The European Commission has recently put forth a new regulative proposal, emphasizing that packaging structures, to be deemed recyclable, must have accessible collection and processing systems on an industrial scale. The proposed EU Regulation on Packaging and Packaging Waste (PPWR) has set ambitious targets, aiming for all packaging to be recyclable by 2030. In this context, the focus on enhancing the recyclability of paper sacks has gained prominence.

In response to these regulatory developments, EUROSAC and CEPI Eurokraft have jointly released the ‘Paper Sacks – Design for Recyclability Guidelines’. These guidelines serve as a comprehensive resource for paper sack producers, converters, and fillers, offering valuable recommendations for optimizing the recyclability of paper sacks. Catherine Plitzko-Kerninon, the General Delegate of EUROSAC, highlighted the commitment of the industry to contribute to a bio-based, low-carbon, and circular economy, emphasizing the pivotal role of maximizing the recyclability of paper sacks in achieving this goal.

Despite paper sacks constituting a mere 1.5% of the total paper packaging stream in Europe, efforts to enhance their recyclability remain significant. As part of the mixed paper packaging recycling streams, these sacks primarily comprise paper (91.7%), glues (2%), inks (1.1%), and moisture barriers in the form of polyethylene film (5.2%), which are efficiently separated in most recycling facilities. The industry aims to optimize the recycling of each component of the paper sack, recognizing its inherent recyclability owing to its predominantly fibre-based nature. However, specific design and specification properties can significantly impact the recyclability of individual paper sacks.
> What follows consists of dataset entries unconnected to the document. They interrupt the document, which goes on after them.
(* For every $n\ge0$, $$|\mathcal{B}_{n+1}(213)|=\sum_{j=0}^{n}|\mathcal{G}(n;0,j)|.$$
   Context: A ballot permutation is a $\pi\in\mathfrak{S}_m$ such that every prefix $\pi_1\cdots\pi_i$ has at most as many descents ($\pi_j>\pi_{j+1}$) as ascents ($\pi_j<\pi_{j+1}$); $\mathcal{B}_m$ denotes the set of them, and $\mathcal{B}_m(213)$ the subset of those having no subsequence order-isomorphic to $213$. A Gessel walk is a lattice path confined to $\mathbb{N}^2$ with steps from $\{(0,1),(0,-1),(1,1),(-1,-1)\}$. $\mathcal{G}(n;i,j)$ is the set of $n$-step Gessel walks starting at $(0,i)$ and ending at $(0,j)$. *)

theory Defs
  imports "HOL-Combinatorics.Multiset_Permutations"
begin

(* Permutations of [m] = {1..m} are represented in one-line notation as lists
   pi = [pi_1,...,pi_m]; list index k (0-based) corresponds to position k+1. *)

definition descents_prefix :: "nat list \<Rightarrow> nat \<Rightarrow> nat" where
  "descents_prefix p i = card {j. j + 1 < i \<and> p ! j > p ! (j + 1)}"

definition ascents_prefix :: "nat list \<Rightarrow> nat \<Rightarrow> nat" where
  "ascents_prefix p i = card {j. j + 1 < i \<and> p ! j < p ! (j + 1)}"

definition is_ballot :: "nat list \<Rightarrow> bool" where
  "is_ballot p \<longleftrightarrow> (\<forall>i \<le> length p. descents_prefix p i \<le> ascents_prefix p i)"

definition ballot_perms :: "nat \<Rightarrow> nat list set" where
  "ballot_perms m = {p \<in> permutations_of_set {1..m}. is_ballot p}"

definition contains_213 :: "nat list \<Rightarrow> bool" where
  "contains_213 p \<longleftrightarrow> (\<exists>i j k. i < j \<and> j < k \<and> k < length p \<and>
                              p ! j < p ! i \<and> p ! i < p ! k)"

definition ballot_perms_213 :: "nat \<Rightarrow> nat list set" where
  "ballot_perms_213 m = {p \<in> ballot_perms m. \<not> contains_213 p}"

definition gessel_steps :: "(int \<times> int) set" where
  "gessel_steps = {(0, 1), (0, -1), (1, 1), (-1, -1)}"

definition walk_pos :: "int \<times> int \<Rightarrow> (int \<times> int) list \<Rightarrow> nat \<Rightarrow> int \<times> int" where
  "walk_pos s ws t = (fst s + sum_list (map fst (take t ws)), snd s + sum_list (map snd (take t ws)))"

definition gessel_walks :: "nat \<Rightarrow> nat \<Rightarrow> nat \<Rightarrow> (int \<times> int) list set" where
  "gessel_walks n i j = {ws. length ws = n \<and> set ws \<subseteq> gessel_steps \<and>
      (\<forall>t \<le> n. fst (walk_pos (0, int i) ws t) \<ge> 0 \<and> snd (walk_pos (0, int i) ws t) \<ge> 0) \<and>
      walk_pos (0, int i) ws n = (0, int j)}"

end

theory Submission
  imports Defs
begin

text \<open>A 213-avoiding permutation of [n+1] is built letter by letter: appending a new last
  value v and shifting the earlier values \<open>\<ge> v\<close> up by one keeps it 213-avoiding iff v is at most
  one more than the previous last value, and changes its balance (ascents minus descents) by +1
  for an ascent and -1 for a descent; the ballot condition says the balance never gets negative.
  Give a permutation with last value k+1 and balance b the weight \<open>k choose h\<close> at the point (h, b).
  For an ascent the weight \<open>Suc k choose h = (k choose h) + (k choose (h - 1))\<close> splits into the
  Gessel steps (0,1) and (1,1); for a descent the weights \<open>v - 1 choose h\<close> of all admissible new
  last values v add up to \<open>Suc k choose Suc h = (k choose h) + (k choose Suc h)\<close>, i.e. the steps
  (0,-1) and (-1,-1). So the weighted permutation counts obey the recurrence of walks in the
  quadrant, and at h = 0, where every weight is 1, summing over the final balance b yields the theorem.\<close>


definition quadrant_walks :: "nat \<Rightarrow> int \<Rightarrow> int \<Rightarrow> (int \<times> int) list set" where
  "quadrant_walks n x y = {ws. length ws = n \<and> set ws \<subseteq> gessel_steps \<and>
      (\<forall>t \<le> n. fst (walk_pos (0, 0) ws t) \<ge> 0 \<and> snd (walk_pos (0, 0) ws t) \<ge> 0) \<and>
      walk_pos (0, 0) ws n = (x, y)}"

fun quadrant_walk_count :: "nat \<Rightarrow> int \<Rightarrow> int \<Rightarrow> nat" where
  "quadrant_walk_count 0 x y = (if x = 0 \<and> y = 0 then 1 else 0)"
| "quadrant_walk_count (Suc n) x y = (if x < 0 \<or> y < 0 then 0 else
     quadrant_walk_count n x (y - 1) + quadrant_walk_count n x (y + 1) +
     quadrant_walk_count n (x - 1) (y - 1) + quadrant_walk_count n (x + 1) (y + 1))"

lemma gessel_walks_eq_quadrant_walks: "gessel_walks n 0 j = quadrant_walks n 0 (int j)"
  unfolding gessel_walks_def quadrant_walks_def by simp

lemma finite_quadrant_walks: "finite (quadrant_walks n x y)"
proof (rule finite_subset)
  show "quadrant_walks n x y \<subseteq> {ws. set ws \<subseteq> gessel_steps \<and> length ws = n}"
    unfolding quadrant_walks_def by auto
  show "finite {ws. set ws \<subseteq> gessel_steps \<and> length ws = n}"
    by (rule finite_lists_length_eq) (simp add: gessel_steps_def)
qed

lemma walk_pos_snoc:
  "walk_pos z (ws @ [s]) t = (if t \<le> length ws then walk_pos z ws t
     else (fst (walk_pos z ws (length ws)) + fst s, snd (walk_pos z ws (length ws)) + snd s))"
  unfolding walk_pos_def by simp

lemma snoc_mem_quadrant_walks_iff:
  assumes "0 \<le> x" "0 \<le> y"
  shows "ws @ [s] \<in> quadrant_walks (Suc n) x y \<longleftrightarrow>
    s \<in> gessel_steps \<and> ws \<in> quadrant_walks n (x - fst s) (y - snd s)"
  using assms by (auto simp: quadrant_walks_def walk_pos_snoc le_Suc_eq prod_eq_iff)

lemma quadrant_walks_Suc:
  assumes "0 \<le> x" "0 \<le> y"
  shows "quadrant_walks (Suc n) x y =
    (\<Union>s\<in>gessel_steps. (\<lambda>ws. ws @ [s]) ` quadrant_walks n (x - fst s) (y - snd s))"
    (is "_ = ?R")
proof (intro equalityI subsetI)
  fix ws assume ws: "ws \<in> quadrant_walks (Suc n) x y"
  then have "ws \<noteq> []" by (auto simp: quadrant_walks_def)
  then have ws_eq: "ws = butlast ws @ [last ws]" by simp
  with ws have "last ws \<in> gessel_steps"
    "butlast ws \<in> quadrant_walks n (x - fst (last ws)) (y - snd (last ws))"
    using snoc_mem_quadrant_walks_iff[OF assms] by metis+
  with ws_eq show "ws \<in> ?R" by blast
next
  fix ws assume "ws \<in> ?R"
  then show "ws \<in> quadrant_walks (Suc n) x y"
    using snoc_mem_quadrant_walks_iff[OF assms] by blast
qed

lemma card_quadrant_walks: "card (quadrant_walks n x y) = quadrant_walk_count n x y"
proof (induction n arbitrary: x y)
  case 0
  have "quadrant_walks 0 x y = (if x = 0 \<and> y = 0 then {[]} else {})"
    unfolding quadrant_walks_def walk_pos_def by auto
  then show ?case by simp
next
  case (Suc n)
  show ?case
  proof (cases "x < 0 \<or> y < 0")
    case True
    then have "quadrant_walks (Suc n) x y = {}"
      unfolding quadrant_walks_def by fastforce
    with True show ?thesis by simp
  next
    case False
    then have nonneg: "0 \<le> x" "0 \<le> y" by auto
    have "card (quadrant_walks (Suc n) x y) =
        (\<Sum>s\<in>gessel_steps. card ((\<lambda>ws. ws @ [s]) ` quadrant_walks n (x - fst s) (y - snd s)))"
      unfolding quadrant_walks_Suc[OF nonneg]
      by (intro card_UN_disjoint) (auto simp: gessel_steps_def finite_quadrant_walks)
    also have "\<dots> = (\<Sum>s\<in>gessel_steps. card (quadrant_walks n (x - fst s) (y - snd s)))"
      by (intro sum.cong refl card_image) (auto simp: inj_on_def)
    also have "\<dots> = quadrant_walk_count (Suc n) x y"
      using False by (simp add: gessel_steps_def Suc.IH algebra_simps)
    finally show ?thesis .
  qed
qed

definition shift_above :: "nat \<Rightarrow> nat \<Rightarrow> nat" where
  "shift_above v x = (if x < v then x else x + 1)"

definition append_shifted :: "nat list \<Rightarrow> nat \<Rightarrow> nat list" where
  "append_shifted q v = map (shift_above v) q @ [v]"

definition balance :: "nat list \<Rightarrow> int" where
  "balance p = int (ascents_prefix p (length p)) - int (descents_prefix p (length p))"

lemma shift_above_less_iff [simp]: "shift_above v x < shift_above v y \<longleftrightarrow> x < y"
  by (auto simp: shift_above_def)

lemma shift_above_less_self_iff [simp]: "shift_above v x < v \<longleftrightarrow> x < v"
  by (auto simp: shift_above_def)

lemma less_shift_above_iff [simp]: "v < shift_above v x \<longleftrightarrow> v \<le> x"
  by (auto simp: shift_above_def)

lemma inj_shift_above: "inj (shift_above v)"
  by (auto simp: inj_def shift_above_def split: if_splits)

lemma shift_above_image:
  assumes "1 \<le> v" "v \<le> Suc m"
  shows "shift_above v ` {1..m} = {1..Suc m} - {v}"
proof (intro equalityI subsetI)
  fix y assume y: "y \<in> {1..Suc m} - {v}"
  show "y \<in> shift_above v ` {1..m}"
  proof (cases "y < v")
    case True
    with y assms show ?thesis by (intro image_eqI[of _ _ y]) (auto simp: shift_above_def)
  next
    case False
    with y assms show ?thesis by (intro image_eqI[of _ _ "y - 1"]) (auto simp: shift_above_def)
  qed
qed (auto simp: shift_above_def)

lemma length_append_shifted [simp]: "length (append_shifted q v) = Suc (length q)"
  by (simp add: append_shifted_def)

lemma nth_append_shifted_less: "i < length q \<Longrightarrow> append_shifted q v ! i = shift_above v (q ! i)"
  by (simp add: append_shifted_def nth_append)

lemma nth_append_shifted_length [simp]: "append_shifted q v ! length q = v"
  by (simp add: append_shifted_def nth_append)

lemma last_append_shifted [simp]: "last (append_shifted q v) = v"
  by (simp add: append_shifted_def)

lemma append_shifted_inject: "append_shifted q v = append_shifted q' v \<Longrightarrow> q = q'"
  unfolding append_shifted_def using inj_shift_above by (simp add: inj_map_eq_map)

lemma append_shifted_permutation:
  assumes "q \<in> permutations_of_set {1..m}" "1 \<le> v" "v \<le> Suc m"
  shows "append_shifted q v \<in> permutations_of_set {1..Suc m}"
proof
  have "set q = {1..m}" "distinct q" using assms(1) by (auto dest: permutations_of_setD)
  with shift_above_image[OF assms(2,3)] inj_shift_above assms(2,3)
  show "set (append_shifted q v) = {1..Suc m}" "distinct (append_shifted q v)"
    by (auto simp: append_shifted_def distinct_map inj_on_def inj_def)
qed

lemma permutation_eq_append_shifted:
  assumes p: "p \<in> permutations_of_set {1..Suc m}"
  obtains q where "q \<in> permutations_of_set {1..m}" "p = append_shifted q (last p)"
proof -
  have sp: "set p = {1..Suc m}" and dp: "distinct p" using p by (auto dest: permutations_of_setD)
  define v where "v = last p"
  have pne: "p \<noteq> []" using sp by auto
  have v: "1 \<le> v" "v \<le> Suc m" using last_in_set[OF pne] sp unfolding v_def by auto
  have p_eq: "p = butlast p @ [v]" using pne by (simp add: v_def)
  have "distinct (butlast p @ [v])" using dp p_eq by simp
  then have v_notin: "v \<notin> set (butlast p)" by simp
  have "set p = insert v (set (butlast p))" using arg_cong[of _ _ set, OF p_eq] by simp
  with sp v_notin have butlast_set: "set (butlast p) = {1..Suc m} - {v}" by auto
  define q where "q = map (\<lambda>x. if v < x then x - 1 else x) (butlast p)"
  have "shift_above v (if v < x then x - 1 else x) = x" if "x \<in> set (butlast p)" for x
  proof -
    have "x \<noteq> v" "1 \<le> x" using that butlast_set by auto
    then show ?thesis by (cases "v < x") (simp_all add: shift_above_def)
  qed
  then have map_q: "map (shift_above v) q = butlast p"
    unfolding q_def map_map by (intro map_idI) simp
  have "distinct (map (shift_above v) q)" using map_q dp by (simp add: distinct_butlast)
  then have "distinct q" by (simp add: distinct_map)
  moreover have "set q = {1..m}"
  proof -
    have "shift_above v ` set q = shift_above v ` {1..m}"
      using arg_cong[of _ _ set, OF map_q] butlast_set shift_above_image[OF v] by simp
    then show ?thesis using inj_shift_above by (simp add: inj_image_eq_iff)
  qed
  ultimately have "q \<in> permutations_of_set {1..m}" by auto
  moreover have "p = append_shifted q (last p)"
    unfolding append_shifted_def map_q v_def[symmetric] using p_eq .
  ultimately show ?thesis using that by blast
qed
The ‘Paper Sacks – Design for Recyclability Guidelines’ provide detailed recommendations for the various materials employed in industrial paper sacks. Encompassing different fibre types and potential additives used in sack kraft paper, the guidelines also shed light on the implications of diverse barriers necessary for product safety. Additionally, the document offers insights into the effects of inks, varnishes, adhesives, as well as supplementary constructive elements like carrying handles and plastic windows.

Plitzko-Kerninon emphasized that armed with this comprehensive information, all stakeholders in the paper sack industry can effectively contribute to maximizing the recyclability of the paper sacks they introduce to the market. This unified commitment from both regulatory bodies and industry players marks a significant step towards fostering a sustainable and environmentally conscious approach to packaging.